WHAT THIS TASK INVOLVES: If a line below contains the word "digraph", count it; give only the total.

Dataset excerpts:
theorem lemma4p2:
  fixes t R :: real and h :: "real \<Rightarrow> real" and x :: "real^3" and \<theta> \<phi> :: real
    and W :: mat3 and w0 w1 w2 w3 w4 :: real
  assumes "t \<ge> 0" and "R > 1"
    and "is_minimizer t R h"
    and "\<forall>r\<in>{1..R}. h r \<ge> 2/3"
    and "1 \<le> norm x" and "norm x \<le> R"
    and "0 < \<theta>" and "\<theta> < pi"
    and "x = norm x *\<^sub>R nvec \<theta> \<phi>"
    and "W \<in> S0"
    and "W = w0 *\<^sub>R Emat \<theta> \<phi> + w1 *\<^sub>R Fmat \<theta> \<phi> + w2 *\<^sub>R Gmat \<theta> \<phi>
             + w3 *\<^sub>R Xmat \<theta> \<phi> + w4 *\<^sub>R Ymat \<theta> \<phi>"
  shows "psi W w0 w3 w4
           + 3 * h (norm x) / 8
             * (2 * mdot (sqrt (3/2) *\<^sub>R (outer (x /\<^sub>R norm x) (x /\<^sub>R norm x) - (1/3) *\<^sub>R mat 1)) W
                + mdot W W)^2 \<ge> 0"
proof -
  let ?Q = "frame \<theta> \<phi>" and ?D = "frame_coords w0 w1 w2 w3 w4"
  have W: "W = mat_conj ?Q ?D"
    using assms(11) frame_expansion_eq_mat_conj by simp
  have "x /\<^sub>R norm x = nvec \<theta> \<phi>"
    using assms(5,9) by (metis divideR_right not_one_le_zero)
  moreover have "sqrt (3/2) = sqrt 6/2"
    using real_sqrt_mult[of 4 "3/2"] by simp
  ultimately have E0: "sqrt (3/2) *\<^sub>R (outer (x /\<^sub>R norm x) (x /\<^sub>R norm x) - (1/3) *\<^sub>R mat 1)
      = (sqrt 6/2) *\<^sub>R Emat \<theta> \<phi>"
    unfolding Emat_def by simp
  have E0_W: "mdot (sqrt (3/2) *\<^sub>R (outer (x /\<^sub>R norm x) (x /\<^sub>R norm x) - (1/3) *\<^sub>R mat 1)) W
      = sqrt 6/2 * (2/3*w0)"
    unfolding E0 mdot_scaleR_left W Emat_eq_mat_conj mdot_mat_conj[OF frame_mult_transpose]
      mdot_E_std_frame_coords by simp
  have W_W: "mdot W W = 2/3*w0^2 + 2*(w1^2 + w2^2 + w3^2 + w4^2)"
    unfolding W mdot_mat_conj[OF frame_mult_transpose] mdot_frame_coords_self ..
  have psi_W: "psi W w0 w3 w4 = - sqrt 6/2 * (2*w0^3/9 + w0*(w1^2 + w2^2) - 2*w0*(w3^2 + w4^2)
      + 3*(w4*(w1^2 - w2^2) + 2*w3*w1*w2)) - 1/2*w0^2 + 9/2*w3^2 + 9/2*w4^2"
    unfolding psi_def mtrace_eq_trace W mat_conj_mult[OF frame_mult_transpose]
      trace_mat_conj[OF frame_mult_transpose] trace_frame_coords_cube ..
  have "h (norm x) \<ge> 2/3"
    using assms(4-6) by simp
  then have "3 * h (norm x) / 8 \<ge> 1/4"
    by simp
  then show ?thesis
    unfolding psi_W E0_W W_W by (rule frame_polynomial_nonneg)
qed

end
(* Since js is read from the largest weight down, a matched pair contributes
   b(closing) - b(opening) <= 0, an unmatched element of A at most 1 and an unmatched
   element outside A at most -c. *)
lemma signed_sum_le_unmatched:
  assumes "distinct js" "sorted_wrt (\<lambda>i j. b i \<le> b j) js" "\<forall>i\<in>set js. b i \<le> 1"
    "\<forall>i\<in>set js. c \<le> b i"
  shows "signed_sum b (set js) A
           + (real (fst (unmatched js A)) - real (snd (unmatched js A))) * c
         \<le> real (snd (unmatched js A))"
  using assms
proof (induction js arbitrary: c)
  case Nil
  then show ?case by (simp add: signed_sum_def)
next
  case (Cons j js)
  obtain u p where up: "unmatched js A = (u, p)" by force
  have "p \<le> u" using snd_unmatched_le[of js A] up by simp
  have bj: "b j \<le> 1" "c \<le> b j" using Cons.prems by auto
  have IH: "signed_sum b (set js) A + (real u - real p) * b j \<le> real p"
    using Cons.IH[of "b j"] Cons.prems up by auto
  have sum_j: "signed_sum b (set (j # js)) A
               = (if j \<in> A then b j else - b j) + signed_sum b (set js) A"
    using Cons.prems by (simp add: signed_sum_def)
  consider (open_bracket) "j \<notin> A" | (unmatched_close) "j \<in> A" "p = u"
    | (matched_close) "j \<in> A" "p < u"
    using \<open>p \<le> u\<close> by fastforce
  then show ?case
  proof cases
    case open_bracket
    have "(real u + 1 - real p) * c \<le> (real u + 1 - real p) * b j"
      using \<open>p \<le> u\<close> bj by (intro mult_left_mono) auto
    then show ?thesis using IH open_bracket up sum_j by (simp add: algebra_simps)
  next
    case unmatched_close
    then show ?thesis using IH up bj sum_j by simp
  next
    case matched_close
    have "(real u - 1 - real p) * c \<le> (real u - 1 - real p) * b j"
      using matched_close bj by (intro mult_left_mono) auto
    then show ?thesis using IH matched_close up sum_j by (simp add: algebra_simps)
  qed
qed
(* Let $n\geq 3$ and let $f(\overleftrightarrow{K}_{n})$ be the smallest integer such that every arc-colored complete digraph $\overleftrightarrow{K}_{n}$ with $c(\overleftrightarrow{K}_{n})\geq f(\overleftrightarrow{K}_{n})$ contains a rainbow triangle. Then \[f(\overleftrightarrow{K}_{n})=\begin{cases} \lfloor\frac{n^{2}}{4}\rfloor+3,&\text{if } n=3, 4;\\ \lfloor\frac{n^{2}}{4}\rfloor+2,&\text{if } n\geq 5. \end{cases}\]
   Context: All digraphs are finite, without loops or multiple arcs (a pair of opposite arcs $xy,yx$ is allowed). The complete digraph $\overleftrightarrow{K}_{n}$ is obtained from $K_n$ by replacing each edge $xy$ by the two arcs $xy$ and $yx$. An arc-coloring of a digraph $D$ is any map $C:A(D)\to\mathbb{N}$; $c(D)$ denotes the number of distinct colors used on the arcs of $D$. A rainbow triangle is a directed triangle (directed cycle of length 3) whose three arcs have pairwise distinct colors. *)

theory Defs
  imports Main
begin

definition arcs :: "nat \<Rightarrow> (nat \<times> nat) set" where
  "arcs n = {(x, y). x < n \<and> y < n \<and> x \<noteq> y}"

definition num_colors :: "nat \<Rightarrow> (nat \<times> nat \<Rightarrow> nat) \<Rightarrow> nat" where
  "num_colors n C = card (C ` arcs n)"

definition has_rainbow_triangle :: "nat \<Rightarrow> (nat \<times> nat \<Rightarrow> nat) \<Rightarrow> bool" where
  "has_rainbow_triangle n C \<longleftrightarrow>
     (\<exists>x y z. x < n \<and> y < n \<and> z < n \<and> x \<noteq> y \<and> y \<noteq> z \<and> z \<noteq> x \<and>
        C (x, y) \<noteq> C (y, z) \<and> C (y, z) \<noteq> C (z, x) \<and> C (z, x) \<noteq> C (x, y))"

definition f_rainbow :: "nat \<Rightarrow> nat" where
  "f_rainbow n = (LEAST k. \<forall>C :: nat \<times> nat \<Rightarrow> nat. num_colors n C \<ge> k \<longrightarrow> has_rainbow_triangle n C)"

end

(*
  Call a colour private to a vertex v if every arc of that colour is incident with v; deleting v
  loses exactly the private colours of v. In a colouring without rainbow triangles on n >= 4
  vertices some vertex has at most n div 2 private colours: private colours on both in- and
  out-arcs of v leave at most two of them, and if they all sit on out-arcs v -> y, then every arc
  y -> s has the colour of s -> v, which leaves the heads y few private colours of their own.
  As (n - 1)^2 div 4 + n div 2 = n^2 div 4, induction from the triangle (at most 4 colours) gives
  n^2 div 4 + 2 colours, and induction from five vertices gives n^2 div 4 + 1 for n >= 5.

  On five vertices, 8 colours would leave every vertex at most two private colours, so every
  triple would carry 4 colours and the out-arcs at each vertex would have distinct colours. Then
  every arc x -> y continues monochromatically to some y -> z, each colour class has at least
  three arcs, and the 20 arcs carry at most 6 colours.

  The matching lower bounds colour the arcs from one half of the vertices to the other half with
  distinct colours and all remaining arcs alike, with special colourings for n = 3 and n = 4.
*)

theory Submission
  imports Defs
begin

lemma card_le_length_if_subset_set: "A \<subseteq> set xs \<Longrightarrow> card A \<le> length xs"
  by (meson List.finite_set card_length card_mono le_trans)

definition arcs_on :: "'a set \<Rightarrow> ('a \<times> 'a) set" where
  "arcs_on V = {(x, y). x \<in> V \<and> y \<in> V \<and> x \<noteq> y}"

definition rainbow_free :: "'a set \<Rightarrow> ('a \<times> 'a \<Rightarrow> 'c) \<Rightarrow> bool" where
  "rainbow_free V C \<longleftrightarrow> (\<forall>x\<in>V. \<forall>y\<in>V. \<forall>z\<in>V. x \<noteq> y \<longrightarrow> y \<noteq> z \<longrightarrow> z \<noteq> x \<longrightarrow>
      C (x, y) = C (y, z) \<or> C (y, z) = C (z, x) \<or> C (z, x) = C (x, y))"

lemma arcs_on_eq_Sigma: "arcs_on V = Sigma V (\<lambda>x. V - {x})"
  by (auto simp: arcs_on_def)

lemma finite_arcs_on: "finite V \<Longrightarrow> finite (arcs_on V)"
  by (simp add: arcs_on_eq_Sigma)

lemma card_arcs_on: "finite V \<Longrightarrow> card (arcs_on V) = card V * (card V - 1)"
  by (simp add: arcs_on_eq_Sigma)

lemma rainbow_freeD:
  "rainbow_free V C \<Longrightarrow> x \<in> V \<Longrightarrow> y \<in> V \<Longrightarrow> z \<in> V \<Longrightarrow> x \<noteq> y \<Longrightarrow> y \<noteq> z \<Longrightarrow> z \<noteq> x \<Longrightarrow>
    C (x, y) = C (y, z) \<or> C (y, z) = C (z, x) \<or> C (z, x) = C (x, y)"
  unfolding rainbow_free_def by blast

lemma rainbow_free_subset: "rainbow_free V C \<Longrightarrow> W \<subseteq> V \<Longrightarrow> rainbow_free W C"
  unfolding rainbow_free_def by blast

lemma rainbow_free_swap:
  assumes "rainbow_free V C"
  shows "rainbow_free V (C \<circ> prod.swap)"
  unfolding rainbow_free_def comp_def swap_simp
proof (intro ballI impI)
  fix x y z assume "x \<in> V" "y \<in> V" "z \<in> V" "x \<noteq> y" "y \<noteq> z" "z \<noteq> x"
  then show "C (y, x) = C (z, y) \<or> C (z, y) = C (x, z) \<or> C (x, z) = C (y, x)"
    using rainbow_freeD[OF assms, of x z y] by auto
qed

lemma image_swap_arcs_on: "(C \<circ> prod.swap) ` arcs_on V = C ` arcs_on V"
proof -
  have "prod.swap ` arcs_on V = arcs_on V"
    by (auto simp: arcs_on_def image_iff)
  then show ?thesis
    by (metis image_comp)
qed

section \<open>Private colours\<close>

definition private_colors :: "'a set \<Rightarrow> ('a \<times> 'a \<Rightarrow> 'c) \<Rightarrow> 'a \<Rightarrow> 'c set" where
  "private_colors V C v =
     {c \<in> C ` arcs_on V. \<forall>x y. (x, y) \<in> arcs_on V \<longrightarrow> C (x, y) = c \<longrightarrow> x = v \<or> y = v}"

lemma private_colors_swap: "private_colors V (C \<circ> prod.swap) v = private_colors V C v"
  unfolding private_colors_def image_swap_arcs_on by (auto simp: arcs_on_def)

lemma card_colors_le_delete_vertex:
  assumes "finite V"
  shows "card (C ` arcs_on V) \<le> card (C ` arcs_on (V - {v})) + card (private_colors V C v)"
proof -
  have "C ` arcs_on V \<subseteq> C ` arcs_on (V - {v}) \<union> private_colors V C v"
  proof
    fix c assume c: "c \<in> C ` arcs_on V"
    show "c \<in> C ` arcs_on (V - {v}) \<union> private_colors V C v"
    proof (cases "c \<in> private_colors V C v")
      case False
      then obtain x y where "(x, y) \<in> arcs_on V" "C (x, y) = c" "x \<noteq> v" "y \<noteq> v"
        using c unfolding private_colors_def by blast
      then show ?thesis
        by (force simp: arcs_on_def)
    qed simp
  qed
  then have "card (C ` arcs_on V) \<le> card (C ` arcs_on (V - {v}) \<union> private_colors V C v)"
    by (intro card_mono) (auto simp: private_colors_def assms finite_arcs_on)
  also have "\<dots> \<le> card (C ` arcs_on (V - {v})) + card (private_colors V C v)"
    by (rule card_Un_le)
  finally show ?thesis .
qed

lemma private_colorD:
  "c \<in> private_colors V C v \<Longrightarrow> (x, y) \<in> arcs_on V \<Longrightarrow> C (x, y) = c \<Longrightarrow> x = v \<or> y = v"
  unfolding private_colors_def by blast

lemma private_colorE:
  assumes "c \<in> private_colors V C v"
  obtains (out) y where "(v, y) \<in> arcs_on V" "C (v, y) = c"
    | (into) x where "(x, v) \<in> arcs_on V" "C (x, v) = c"
  using assms unfolding private_colors_def by auto

text \<open>The third side \<open>y \<rightarrow> x\<close> of the triangle \<open>v \<rightarrow> y \<rightarrow> x \<rightarrow> v\<close> avoids \<open>v\<close>, so its colour
  differs from both private colours, which must therefore coincide.\<close>
lemma private_out_in_eq:
  assumes rf: "rainbow_free V C"
    and out: "(v, y) \<in> arcs_on V" "C (v, y) \<in> private_colors V C v"
    and into: "(x, v) \<in> arcs_on V" "C (x, v) \<in> private_colors V C v"
    and "x \<noteq> y"
  shows "C (v, y) = C (x, v)"
proof -
  have V: "v \<in> V" "y \<in> V" "x \<in> V" "v \<noteq> y" "x \<noteq> v"
    using out into by (auto simp: arcs_on_def)
  have yx: "(y, x) \<in> arcs_on V"
    using V \<open>x \<noteq> y\<close> by (auto simp: arcs_on_def)
  have "C (y, x) \<noteq> C (v, y)" "C (y, x) \<noteq> C (x, v)"
    using private_colorD[OF out(2) yx] private_colorD[OF into(2) yx] V \<open>x \<noteq> y\<close> by auto
  then show ?thesis
    using rainbow_freeD[OF rf V(1-3)] V \<open>x \<noteq> y\<close> by auto
qed

lemma card_private_colors_le_2_if_in_and_out:
  assumes rf: "rainbow_free V C"
    and vy: "(v, y) \<in> arcs_on V" "C (v, y) \<in> private_colors V C v"
    and xv: "(x, v) \<in> arcs_on V" "C (x, v) \<in> private_colors V C v"
  shows "card (private_colors V C v) \<le> 2"
proof -
  let ?Q = "private_colors V C v"
  have Q: "?Q \<subseteq> {C (x, v), C (v, x), C (v, y), C (y, v)}"
  proof
    fix c assume c: "c \<in> ?Q"
    then show "c \<in> {C (x, v), C (v, x), C (v, y), C (y, v)}"
    proof (cases rule: private_colorE)
      case (out s)
      then have "s \<noteq> x \<Longrightarrow> C (v, s) = C (x, v)"
        using private_out_in_eq[OF rf _ _ xv] c by blast
      then show ?thesis
        using out by (cases "s = x") auto
    next
      case (into t)
      then have "t \<noteq> y \<Longrightarrow> C (v, y) = C (t, v)"
        using private_out_in_eq[OF rf vy] c by blast
      then show ?thesis
        using into by (cases "t = y") auto
    qed
  qed
  show ?thesis
  proof (cases "x = y")
    case True
    then have "?Q \<subseteq> set [C (x, v), C (v, x)]"
      using Q by auto
    from card_le_length_if_subset_set[OF this] show ?thesis
      by simp
  next
    case False
    have xy: "C (v, y) = C (x, v)"
      using private_out_in_eq[OF rf vy xv False] .
    have "C (v, x) = C (y, v)" if "C (v, x) \<in> ?Q" "C (y, v) \<in> ?Q"
      using private_out_in_eq[OF rf _ that(1) _ that(2)] vy xv False by (auto simp: arcs_on_def)
    then obtain b where "?Q \<subseteq> set [C (x, v), b]"
      using Q xy by auto
    from card_le_length_if_subset_set[OF this] show ?thesis
      by simp
  qed
qed

definition private_out_only :: "'a set \<Rightarrow> ('a \<times> 'a \<Rightarrow> 'c) \<Rightarrow> 'a \<Rightarrow> bool" where
  "private_out_only V C v \<longleftrightarrow> (\<forall>x. (x, v) \<in> arcs_on V \<longrightarrow> C (x, v) \<notin> private_colors V C v)"

definition private_targets :: "'a set \<Rightarrow> ('a \<times> 'a \<Rightarrow> 'c) \<Rightarrow> 'a \<Rightarrow> 'a set" where
  "private_targets V C v = {y \<in> V - {v}. C (v, y) \<in> private_colors V C v}"

lemma private_out_only_or_swap:
  assumes rf: "rainbow_free V C" and "3 \<le> card (private_colors V C v)"
  shows "private_out_only V C v \<or> private_out_only V (C \<circ> prod.swap) v"
proof (rule ccontr)
  assume "\<not> ?thesis"
  then obtain x y where "(x, v) \<in> arcs_on V" "C (x, v) \<in> private_colors V C v"
      "(y, v) \<in> arcs_on V" "C (v, y) \<in> private_colors V C v"
    unfolding private_out_only_def private_colors_swap by auto
  moreover have "(v, y) \<in> arcs_on V"
    using \<open>(y, v) \<in> arcs_on V\<close> by (auto simp: arcs_on_def)
  ultimately show False
    using card_private_colors_le_2_if_in_and_out[OF rf] assms(2) by fastforce
qed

RESULT OF THIS EXERCISE: 2